Opinion
23-2571
09-25-2024
NOT PRECEDENTIAL
Submitted Under Third Circuit L.A.R. 34.1(a) on September 24, 2024.
On Appeal from the United States District Court for the Eastern District of Pennsylvania (D.C. No. 2:19-cv-05546), Honorable Nitza I. Quinones Alejandro, District Judge.
Before: KRAUSE, BIBAS, and AMBRO, Circuit Judges
OPINION [*]
BIBAS, Circuit Judge.
As Bishop Andrew Ford lay dying of cancer, members of the Ford Memorial Temple were scheming. Ford's $300,000 life-insurance policy originally named his sister Dolores as the beneficiary. But in his last three days, a group that included members of Ford Memorial changed the policy to benefit their church and a local funeral home. The day before he died, they kept Ford awake until 2 a.m.; they claim that he approved changing the beneficiaries early that morning. After having him sign a blank form, one of the members filled it in and submitted it to the insurance company. Under the change, Ford Memorial would get $215,000; Turay Memorial Funeral Chapel, $50,000; Next Generation Fellowship Ministries, $10,000; and five people, $5,000 each.

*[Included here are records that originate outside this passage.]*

(* There is an absolute constant $K$ such that the following holds. Let $k,n$ be integers larger than $1$, and let $w$ be the width of $[k]^n$. If $\mathcal{F}\subset[k]^n$ does not contain three distinct elements $\mathbf u,\mathbf v,\mathbf w$ with $\mathbf u=\mathbf v\vee\mathbf w$, then $|\mathcal{F}|\le K w$.
   Context: $[k]^n=\{1,\dots,k\}^n$ with the coordinatewise order; its width is the size of its largest antichain. For $\mathbf v,\mathbf w\in[k]^n$, $\mathbf v\vee\mathbf w=(\max\{\mathbf v(1),\mathbf w(1)\},\dots,\max\{\mathbf v(n),\mathbf w(n)\})$. *)

theory Defs
  imports Complex_Main "HOL-Library.FuncSet"
begin

definition grid :: "nat \<Rightarrow> nat \<Rightarrow> (nat \<Rightarrow> nat) set" where
  "grid k n = PiE {..<n} (\<lambda>_. {1..k})"

definition cw_le :: "nat \<Rightarrow> (nat \<Rightarrow> nat) \<Rightarrow> (nat \<Rightarrow> nat) \<Rightarrow> bool" where
  "cw_le n v w \<longleftrightarrow> (\<forall>i<n. v i \<le> w i)"

definition grid_antichain :: "nat \<Rightarrow> nat \<Rightarrow> (nat \<Rightarrow> nat) set \<Rightarrow> bool" where
  "grid_antichain k n A \<longleftrightarrow> A \<subseteq> grid k n \<and> (\<forall>v\<in>A. \<forall>w\<in>A. cw_le n v w \<longrightarrow> v = w)"

definition grid_width :: "nat \<Rightarrow> nat \<Rightarrow> nat" where
  "grid_width k n = Max (card ` {A. grid_antichain k n A})"

definition join :: "nat \<Rightarrow> (nat \<Rightarrow> nat) \<Rightarrow> (nat \<Rightarrow> nat) \<Rightarrow> (nat \<Rightarrow> nat)" where
  "join n v w = (\<lambda>i\<in>{..<n}. max (v i) (w i))"

end

theory Submission
  imports Defs "HOL-Computational_Algebra.Polynomial"
begin

text \<open>Split the \<open>n = a + b\<close> coordinates into the first \<open>a\<close> and the last \<open>b\<close>.  If \<open>u \<in> F\<close> lay
  strictly above some \<open>v \<in> F\<close> agreeing with it on the last \<open>b\<close> coordinates and strictly above
  some \<open>w \<in> F\<close> agreeing with it on the first \<open>a\<close>, then \<open>u = v \<or> w\<close>.  So every element of \<open>F\<close> is
  minimal in one of its two fibres, and the minimal elements of a fibre form an antichain of
  \<open>[k]\<^sup>a\<close> or \<open>[k]\<^sup>b\<close>; hence \<open>|F| \<le> k\<^sup>b w(k, a) + k\<^sup>a w(k, b)\<close>.  With \<open>a, b \<approx> n / 2\<close> this is
  \<open>O(w(k, n))\<close> because \<open>w(k, m)\<close> is of order \<open>k\<^sup>m\<^sup>-\<^sup>1 / \<surd>m\<close>.  For the upper bound, the width
  is at most twice the middle level (each lower level injects into the next one by the
  bracketing construction), and a level of \<open>[k]\<^sup>m\<close> is a coefficient of \<open>(1 + X + \<dots> + X\<^sup>k\<^sup>-\<^sup>1)\<^sup>m\<close>,
  which is estimated through the central binomial coefficient.  For the lower bound, Chebyshev's
  inequality puts half of \<open>[k]\<^sup>m\<close> into \<open>O(k \<surd>m)\<close> levels, one of which is a large antichain.\<close>

section \<open>Levels and antichains\<close>

definition grid_rank :: "nat \<Rightarrow> (nat \<Rightarrow> nat) \<Rightarrow> nat" where
  "grid_rank m x = (\<Sum>i<m. x i - 1)"

definition grid_level :: "nat \<Rightarrow> nat \<Rightarrow> nat \<Rightarrow> (nat \<Rightarrow> nat) set" where
  "grid_level k m t = {x \<in> grid k m. grid_rank m x = t}"

lemma finite_grid: "finite (grid k m)"
  by (simp add: grid_def finite_PiE)

lemma card_grid: "card (grid k m) = k ^ m"
  by (simp add: grid_def card_PiE)

lemma mem_grid_iff: "x \<in> grid k m \<longleftrightarrow> (\<forall>i<m. 1 \<le> x i \<and> x i \<le> k) \<and> (\<forall>i\<ge>m. x i = undefined)"
  by (auto simp: grid_def PiE_iff extensional_def)

lemma grid_eqI: "x \<in> grid k m \<Longrightarrow> y \<in> grid k m \<Longrightarrow> (\<And>i. i < m \<Longrightarrow> x i = y i) \<Longrightarrow> x = y"
  unfolding grid_def by (rule PiE_ext) auto

lemma cw_le_refl: "cw_le m x x"
  by (simp add: cw_le_def)

lemma cw_le_trans: "cw_le m x y \<Longrightarrow> cw_le m y z \<Longrightarrow> cw_le m x z"
  by (auto simp: cw_le_def intro: order_trans)

lemma cw_le_antisym: "x \<in> grid k m \<Longrightarrow> y \<in> grid k m \<Longrightarrow> cw_le m x y \<Longrightarrow> cw_le m y x \<Longrightarrow> x = y"
  by (rule grid_eqI) (auto simp: cw_le_def intro: antisym)

lemma grid_rank_Suc: "grid_rank (Suc m) x = grid_rank m x + (x m - 1)"
  by (simp add: grid_rank_def)

lemma finite_grid_level: "finite (grid_level k m t)"
  by (simp add: grid_level_def finite_grid)

lemma finite_grid_antichains: "finite {A. grid_antichain k m A}"
  by (rule finite_subset[of _ "Pow (grid k m)"]) (auto simp: grid_antichain_def finite_grid)

lemma card_antichain_le_width: "grid_antichain k m A \<Longrightarrow> card A \<le> grid_width k m"
  unfolding grid_width_def using finite_grid_antichains by (auto intro!: Max_ge)

lemma grid_width_le:
  assumes "\<And>A. grid_antichain k m A \<Longrightarrow> card A \<le> c"
  shows "grid_width k m \<le> c"
proof -
  have "grid_antichain k m {}" by (simp add: grid_antichain_def)
  then show ?thesis
    unfolding grid_width_def using finite_grid_antichains assms by (auto intro!: Max.boundedI)
qed

lemma grid_level_antichain: "grid_antichain k m (grid_level k m t)"
proof -
  have "x = y" if "x \<in> grid_level k m t" "y \<in> grid_level k m t" "cw_le m x y" for x y
  proof -
    have g: "x \<in> grid k m" "y \<in> grid k m" and r: "grid_rank m x = grid_rank m y"
      using that by (auto simp: grid_level_def)
    have le: "\<forall>i<m. x i - 1 \<le> y i - 1" using that(3) by (auto simp: cw_le_def)
    have eq: "x i - 1 = y i - 1" if "i < m" for i
    proof (rule ccontr)
      assume "x i - 1 \<noteq> y i - 1"
      then have "(\<Sum>i<m. x i - 1) < (\<Sum>i<m. y i - 1)"
        using le \<open>i < m\<close> by (intro sum_strict_mono_ex1) (auto simp: order.strict_iff_order)
      then show False using r by (simp add: grid_rank_def)
    qed
    show ?thesis
    proof (rule grid_eqI[OF g])
      fix i assume "i < m"
      then have "1 \<le> x i" "1 \<le> y i" using g by (auto simp: mem_grid_iff)
      with eq[OF \<open>i < m\<close>] show "x i = y i" by arith
    qed
  qed
  then show ?thesis by (auto simp: grid_antichain_def grid_level_def)
qed

section \<open>The width is at most twice the middle level\<close>

text \<open>Read coordinate \<open>x i\<close> as a word of \<open>x i - 1\<close> closing brackets followed by \<open>k - x i\<close> opening
  brackets, and concatenate the words of the coordinates \<open>0, \<dots>, m - 1\<close>.  \<open>unmatched k m x\<close>
  counts the opening brackets left unmatched and \<open>first_unmatched k m x\<close> is the coordinate
  holding the leftmost of them.  Raising that coordinate turns this bracket into a closing one
  without changing the matched pairs, so it can be undone: this is the bracketing construction
  of the symmetric chain decomposition of \<open>[k]\<^sup>m\<close>.\<close>

fun unmatched :: "nat \<Rightarrow> nat \<Rightarrow> (nat \<Rightarrow> nat) \<Rightarrow> nat" where
  "unmatched k 0 x = 0"
| "unmatched k (Suc m) x =
     (if x m - 1 < unmatched k m x then unmatched k m x - (x m - 1) else 0) + (k - x m)"

fun first_unmatched :: "nat \<Rightarrow> nat \<Rightarrow> (nat \<Rightarrow> nat) \<Rightarrow> nat" where
  "first_unmatched k 0 x = 0"
| "first_unmatched k (Suc m) x = (if x m - 1 < unmatched k m x then first_unmatched k m x else m)"

definition raise :: "nat \<Rightarrow> nat \<Rightarrow> (nat \<Rightarrow> nat) \<Rightarrow> (nat \<Rightarrow> nat)" where
  "raise k m x = x(first_unmatched k m x := x (first_unmatched k m x) + 1)"

lemma unmatched_cong:
  "(\<And>i. i < m \<Longrightarrow> x i = y i) \<Longrightarrow> unmatched k m x = unmatched k m y \<and> first_unmatched k m x = first_unmatched k m y"
  by (induction m) auto

lemma unmatched_rank_bound:
  "\<forall>i<m. 1 \<le> x i \<and> x i \<le> k \<Longrightarrow> m * (k - 1) \<le> unmatched k m x + 2 * grid_rank m x"
  by (induction m) (auto simp: grid_rank_Suc less_Suc_eq)

lemma first_unmatched_bounds:
  "\<forall>i<m. 1 \<le> x i \<and> x i \<le> k \<Longrightarrow> 0 < unmatched k m x \<Longrightarrow> first_unmatched k m x < m \<and> x (first_unmatched k m x) < k"
  by (induction m) (auto simp: less_Suc_eq split: if_splits)

lemma raise_Suc:
  "raise k (Suc m) x = (if x m - 1 < unmatched k m x then raise k m x else x(m := x m + 1))"
  by (simp add: raise_def)

lemma raise_beyond:
  "\<forall>i<m. 1 \<le> x i \<and> x i \<le> k \<Longrightarrow> 0 < unmatched k m x \<Longrightarrow> raise k m x m = x m"
  using first_unmatched_bounds[of m x k] by (simp add: raise_def)

lemma unmatched_raise:
  "\<forall>i<m. 1 \<le> x i \<and> x i \<le> k \<Longrightarrow> 0 < unmatched k m x \<Longrightarrow> unmatched k m (raise k m x) = unmatched k m x - 1"
proof (induction m)
  case 0
  then show ?case by simp
next
  case (Suc m)
  then have x: "\<forall>i<m. 1 \<le> x i \<and> x i \<le> k" "1 \<le> x m" "x m \<le> k"
    by (auto simp: less_Suc_eq)
  show ?case
  proof (cases "x m - 1 < unmatched k m x")
    case True
    then have "raise k m x m = x m" "unmatched k m (raise k m x) = unmatched k m x - 1"
      using raise_beyond[OF x(1)] Suc.IH[OF x(1)] by simp_all
    then show ?thesis using True x by (simp add: raise_Suc) arith
  next
    case False
    have "unmatched k m (\<lambda>i. if i = m then Suc (x m) else x i) = unmatched k m x"
      using unmatched_cong[of m "\<lambda>i. if i = m then Suc (x m) else x i" x] by simp
    then show ?thesis using False Suc.prems by (simp add: raise_Suc)
  qed
qed
lemma nested_value_dist_le:
  assumes t: "chain t" "last t \<in> S"
    and mem: "\<And>\<beta>. \<beta> \<in> extensions t \<Longrightarrow> z (leaf_idx \<beta>) \<in> X (hd \<beta>) \<and> z' (leaf_idx \<beta>) \<in> X (hd \<beta>)"
  shows "dist (nested_value z t) (nested_value z' t) \<le>
      (\<Sum>k\<in>Dep (hd t) \<inter> S. Lam k (hd t) * dist (z (leaf_idx (k # t))) (z' (leaf_idx (k # t)))) +
      (\<Sum>k\<in>Dep (hd t) - S. Lam k (hd t) * dist (nested_value z (k # t)) (nested_value z' (k # t)))"
proof -
  let ?h = "hd t"
  define A where "A w = (\<lambda>k\<in>Dep ?h. if k \<in> S then w (leaf_idx (k # t)) else nested_value w (k # t))" for w
  have "A z \<in> PiE (Dep ?h) X" "A z' \<in> PiE (Dep ?h) X"
    unfolding A_def using nested_arguments_mem[OF t] mem by blast+
  then have "dist (nested_value z t) (nested_value z' t) \<le> (\<Sum>k\<in>Dep ?h. Lam k ?h * dist (A z k) (A z' k))"
    unfolding nested_value_unfold[OF t(1)] A_def[symmetric] by (rule Fc_lipschitz[OF chain_hd[OF t(1)]])
  also have "\<dots> = (\<Sum>k\<in>Dep ?h \<inter> S. Lam k ?h * dist (A z k) (A z' k)) +
      (\<Sum>k\<in>Dep ?h - S. Lam k ?h * dist (A z k) (A z' k))"
    using Dep_subset[OF chain_hd[OF t(1)]] finite_subset by (intro sum.Int_Diff) blast
  also have "\<dots> = (\<Sum>k\<in>Dep ?h \<inter> S. Lam k ?h * dist (z (leaf_idx (k # t))) (z' (leaf_idx (k # t)))) +
      (\<Sum>k\<in>Dep ?h - S. Lam k ?h * dist (nested_value z (k # t)) (nested_value z' (k # t)))"
    by (intro arg_cong2[where f = "(+)"] sum.cong) (auto simp: A_def)
  finally show ?thesis .
qed

lemma Inl_in_exp_index [simp]: "Inl j \<in> exp_index n Dep S \<longleftrightarrow> j \<in> S"
  unfolding exp_index_def by auto

lemma Inr_in_exp_index [simp]:
  "Inr (\<beta>, l) \<in> exp_index n Dep S \<longleftrightarrow> \<beta> \<in> branches n Dep S \<and> 1 \<le> l \<and> l \<le> length \<beta> - 2"
  unfolding exp_index_def by auto

lemma leaf_idx_in_exp_index:
  assumes "\<beta> \<in> branches n Dep S" shows "leaf_idx \<beta> \<in> exp_index n Dep S"
  using branchD(1,3)[OF assms] assms unfolding leaf_idx_def by auto

lemma exp_dep_Inl: "exp_dep n Dep S (Inl j) = leaf_idx ` extensions [j]"
  unfolding extensions_singleton exp_dep_def by auto

lemma exp_dep_Inr:
  "exp_dep n Dep S (Inr (\<beta>, l)) = {if l = 1 then Inl (hd \<beta>) else Inr (\<beta>, l - 1)}"
  unfolding exp_dep_def by simp

lemma exp_dep_subset:
  assumes q: "q \<in> exp_index n Dep S" shows "exp_dep n Dep S q \<subseteq> exp_index n Dep S"
proof (cases q)
  case (Inl j)
  then show ?thesis
    using leaf_idx_in_exp_index extensions_subset_branches by (auto simp: exp_dep_Inl)
next
  case (Inr r)
  then obtain \<beta> l where r: "q = Inr (\<beta>, l)" by (cases r) auto
  then have "\<beta> \<in> branches n Dep S" "1 \<le> l" "l \<le> length \<beta> - 2" using q by auto
  then show ?thesis using branchD(3) by (auto simp: r exp_dep_Inr)
qed

lemma finite_exp_index: "finite (exp_index n Dep S)"
proof -
  have "exp_index n Dep S \<subseteq> Inl ` S \<union> Inr ` (branches n Dep S \<times> {..Suc n})"
    unfolding exp_index_def using branch_length_le by fastforce
  then show ?thesis
    using finite_subset[OF S_subset] finite_branches by (auto intro: finite_subset)
qed

lemma inj_on_leaf_idx: "inj_on leaf_idx (extensions [j])"
proof (rule inj_onI)
  fix \<beta> \<beta>' assume "\<beta> \<in> extensions [j]" "\<beta>' \<in> extensions [j]" and eq: "leaf_idx \<beta> = leaf_idx \<beta>'"
  then have "2 \<le> length \<beta>" "2 \<le> length \<beta>'" "last \<beta> = last \<beta>'"
    unfolding extensions_singleton using branchD(1) by auto
  moreover have pair: "xs = [hd xs, last xs]" if "length xs = 2" for xs :: "nat list"
    using that by (cases xs; cases "tl xs") auto
  ultimately show "\<beta> = \<beta>'"
    using eq unfolding leaf_idx_def by (cases "length \<beta> = 2"; cases "length \<beta>' = 2") (auto, metis pair)
qed

lemma length_le_max_branch:
  assumes "\<beta> \<in> branches n Dep S" shows "length \<beta> \<le> max_branch n Dep S + 2"
proof -
  have "length \<beta> - 2 \<le> max_branch n Dep S"
    unfolding max_branch_def setcompr_eq_image using finite_branches assms by (intro Max_ge) auto
  then show ?thesis by simp
qed
definition potential_weight :: "'a set \<Rightarrow> 'a \<Rightarrow> nat \<Rightarrow> int" where
  "potential_weight F u n = (if u \<in> F then int n - 2 else min 0 (int n - 2))"

definition potential :: "'a set \<Rightarrow> 'a set set \<Rightarrow> 'a set \<Rightarrow> int" where
  "potential V E F = (\<Sum>u\<in>V. potential_weight F u (deg E u))"

lemma potential_weight_le_add:
  "n' \<le> n \<Longrightarrow> n \<le> n' + b \<Longrightarrow> potential_weight F u n \<le> potential_weight F u n' + int b"
  unfolding potential_weight_def by auto

lemma potential_del_vertex:
  assumes sg: "simple_graph V E" and "v \<in> V"
  shows "potential V E F \<le>
    potential (V - {v}) (del_edges E {v}) F + potential_weight F v (deg E v) + int (deg E v)"
proof -
  have fin: "finite V" using sg by (simp add: simple_graph_def)
  have split: "potential V E F =
      potential_weight F v (deg E v) + (\<Sum>u\<in>V - {v}. potential_weight F u (deg E u))"
    by (simp add: potential_def sum.remove[OF fin \<open>v \<in> V\<close>])
  have "(\<Sum>u\<in>V - {v}. potential_weight F u (deg E u)) \<le>
      (\<Sum>u\<in>V - {v}. potential_weight F u (deg (del_edges E {v}) u) + of_bool ({u, v} \<in> E))"
  proof (rule sum_mono)
    fix u assume "u \<in> V - {v}"
    then have "deg (del_edges E {v}) u = deg E u - of_bool ({u, v} \<in> E)"
      using deg_del_edges_singleton[OF sg] by auto
    moreover have "{u, v} \<in> E \<Longrightarrow> 0 < deg E u" using deg_pos_if_edge[OF sg] .
    ultimately have "deg (del_edges E {v}) u \<le> deg E u"
      and "deg E u \<le> deg (del_edges E {v}) u + of_bool ({u, v} \<in> E)"
      by auto
    from potential_weight_le_add[OF this]
    show "potential_weight F u (deg E u) \<le>
        potential_weight F u (deg (del_edges E {v}) u) + of_bool ({u, v} \<in> E)"
      by (simp only: of_nat_of_bool)
  qed
  also have "\<dots> = potential (V - {v}) (del_edges E {v}) F + int (card ((V - {v}) \<inter> {u. {u, v} \<in> E}))"
    using fin by (simp add: potential_def sum.distrib)
  finally have nbrs: "(\<Sum>u\<in>V - {v}. potential_weight F u (deg E u)) \<le>
      potential (V - {v}) (del_edges E {v}) F + int (card ((V - {v}) \<inter> {u. {u, v} \<in> E}))" .
  have "card ((V - {v}) \<inter> {u. {u, v} \<in> E}) \<le> deg E v"
    unfolding deg_def by (rule card_mono[OF finite_neighbours[OF sg]]) blast
  then show ?thesis using split nbrs by linarith
qed

text \<open>The leaf's own weight, at most -1 if it has a neighbour, pays for the degree that
  neighbour loses.\<close>
lemma potential_del_leaf:
  assumes "simple_graph V E" and "v \<in> V" and "deg E v \<le> 1"
  shows "potential V E F \<le> potential (V - {v}) (del_edges E {v}) (F - {v})"
proof -
  have "potential (V - {v}) (del_edges E {v}) (F - {v}) = potential (V - {v}) (del_edges E {v}) F"
    unfolding potential_def potential_weight_def by (rule sum.cong) auto
  moreover have "potential_weight F v (deg E v) + int (deg E v) \<le> 0"
    using assms(3) by (auto simp: potential_weight_def)
  ultimately show ?thesis using potential_del_vertex[OF assms(1,2), of F] by linarith
qed
(* Let $a,b,c,d$ be admissible TDL parameters. (i) Let $V$ be a Gamma random variable with Laplace transform $E[e^{-tV}]=(1+bdt)^{-1/d}$, and let $X$ be a random variable whose conditional law given $V$ is $\mathrm{TDS}(a,V,c)$. Then $X\sim\mathrm{TDL}(a,b,c,d)$. (ii) If moreover $c\in(0,1]$, let $W$ be Gamma with Laplace transform $(1+bdc^a t)^{-1/d}$, let $Y$ have conditional law $\mathrm{TPS}(a,W,1/c-1)$ given $W$, and let $X'$ have conditional law Poisson with mean $Y$ given $(W,Y)$. Then $X'\sim\mathrm{TDL}(a,b,c,d)$.
   Context: $\operatorname{sgn}$ is the sign function with $\operatorname{sgn}(0)=0$. $\mathrm{TDS}(a,b,c)$: law on $\mathbb{N}$ with pgf $\exp(\operatorname{sgn}(a)b((1-c)^a-(1-cs)^a))$, $s\in[0,1]$ (the formula defines the law for any $b>0$ and admissible $a,c$). $\mathrm{TDL}(a,b,c,d)$: law on $\mathbb{N}$ with pgf $\big(1+\operatorname{sgn}(a)\,b\,d\,((1-cs)^a-(1-c)^a)\big)^{-1/d}$, $s\in[0,1]$; admissible parameters: $d>0$, $b>0$, and either $a\le0$, $c\in[0,1)$, or $a\in(0,1]$, $c\in[0,1]$. $\mathrm{TPS}(\gamma,\lambda,\theta)$ (Tweedie / tempered positive stable law): the law on $[0,\infty)$ with Laplace transform $\exp\big(\operatorname{sgn}(\gamma)\lambda(\theta^\gamma-(\theta+t)^\gamma)\big)$, $\mathrm{Re}(t)>0$, for $\lambda>0$ and either $\gamma\le1$, $\theta>0$, or $\gamma\in(0,1]$, $\theta=0$. Poisson with mean $0$ is the point mass at $0$. *)

theory Defs
  imports "HOL-Probability.Probability"
begin

definition pgf :: "nat measure \<Rightarrow> real \<Rightarrow> real" where
  "pgf N s = (\<integral>n. s ^ n \<partial>N)"

definition TDL_admissible :: "real \<Rightarrow> real \<Rightarrow> real \<Rightarrow> real \<Rightarrow> bool" where
  "TDL_admissible a b c d \<longleftrightarrow> d > 0 \<and> b > 0 \<and>
     ((a \<le> 0 \<and> 0 \<le> c \<and> c < 1) \<or> (0 < a \<and> a \<le> 1 \<and> 0 \<le> c \<and> c \<le> 1))"

definition TDS_law :: "real \<Rightarrow> real \<Rightarrow> real \<Rightarrow> nat measure \<Rightarrow> bool" where
  "TDS_law a b c N \<longleftrightarrow> prob_space N \<and> sets N = sets (count_space UNIV) \<and>
     (\<forall>s\<in>{0..1}. pgf N s = exp (sgn a * b * ((1 - c) powr a - (1 - c * s) powr a)))"

definition TDL_law :: "real \<Rightarrow> real \<Rightarrow> real \<Rightarrow> real \<Rightarrow> nat measure \<Rightarrow> bool" where
  "TDL_law a b c d N \<longleftrightarrow> prob_space N \<and> sets N = sets (count_space UNIV) \<and>
     (\<forall>s\<in>{0..1}. pgf N s =
        (1 + sgn a * b * d * ((1 - c * s) powr a - (1 - c) powr a)) powr (- 1 / d))"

After Ford died, the insurance company interpleaded Dolores and all the new beneficiaries to resolve their competing claims. At trial, the jury found that Ford had been unduly influenced to change his policy. So the District Court entered declaratory judgment for Dolores; it also denied Ford Memorial's post-trial motions.
Ford Memorial, Turay Funeral, and Next Generation now appeal, raising three claims. First, they argue that the District Court should have instructed the jury to apply Pennsylvania's rather than New Jersey's undue-influence law. Dolores argues that they did not preserve this issue. But they asked for the Pennsylvania-law jury instruction. And when the District Court did not give it, the court "rejected the request in a definitive ruling on the record." Fed.R.Civ.P. 51(d)(1)(B); accord Franklin Prescriptions, Inc. v. N.Y. Times Co., 424 F.3d 336, 339 (3d Cir. 2005). That was enough to preserve the issue.
Even so, their choice-of-law argument fails on the merits. We review the jury instruction de novo to discern whether it misstated the law. Franklin Prescriptions, 424 F.3d at 338. Because the District Court sits in Pennsylvania, we apply Pennsylvania's two-step approach to choice of law. Hammersmith v. TIG Ins. Co., 480 F.3d 220, 226, 231 (3d Cir. 2007). At step one, the parties agree that there is a true conflict between Pennsylvania's and New Jersey's undue-influence law.
At step two, the court properly held that New Jersey has a greater interest in this case. Id.; Restatement (Second) of Conflicts of Laws §§ 188, 192, 201 (1971). All the main events happened there: as Ford lay dying in a New Jersey hospital, he suffered undue influence. Plus, Ford lived and Dolores still lives in New Jersey. New Jersey has a strong publicpolicy interest in protecting its residents from undue influence. By contrast, Pennsylvania's main connection to this dispute is that Ford used to live there and took out the policy there. So the court rightly instructed the jury to apply New Jersey law.
Second, Ford Memorial claims that the District Court should have granted it judgment as a matter of law, or at least a new trial. It argues that Dolores never proved undue influence. We review the former claim de novo, applying the same standard as the District Court, and the latter claim for abuse of discretion. Curley v. Klem, 499 F.3d 199, 205-06 (3d Cir. 2007). Both claims fail. There was plenty of proof that employees and members of Ford Memorial pestered a drowsy, dying man into signing a blank policy-change form that they later filled in to benefit their church.
Third, Turay Funeral and Next Generation also appeal the denial of their motion for judgment as a matter of law. They insist that they did not actually influence Ford, so they should get the benefit of the policy changes. Not so. True, New Jersey courts will sever parts of a will untainted by undue influence, but only when the taint is limited to certain parts. In re Prob. of Alleged Will of Landsman, 725 A.2d 90, 97-98 (N.J.Super.Ct.App.Div. 1999). Here, by contrast, the taint infects the entire new list of beneficiaries. Because the whole policy change is "tainted by undue influence," we must "overturn[]" the whole thing to restore the original. Haynes v. First Nat'l State Bank, 432 A.2d 890, 897 (N.J. 1981). We will thus affirm.
[*]This disposition is not an opinion of the full Court and, under I.O.P. 5.7, is not binding precedent.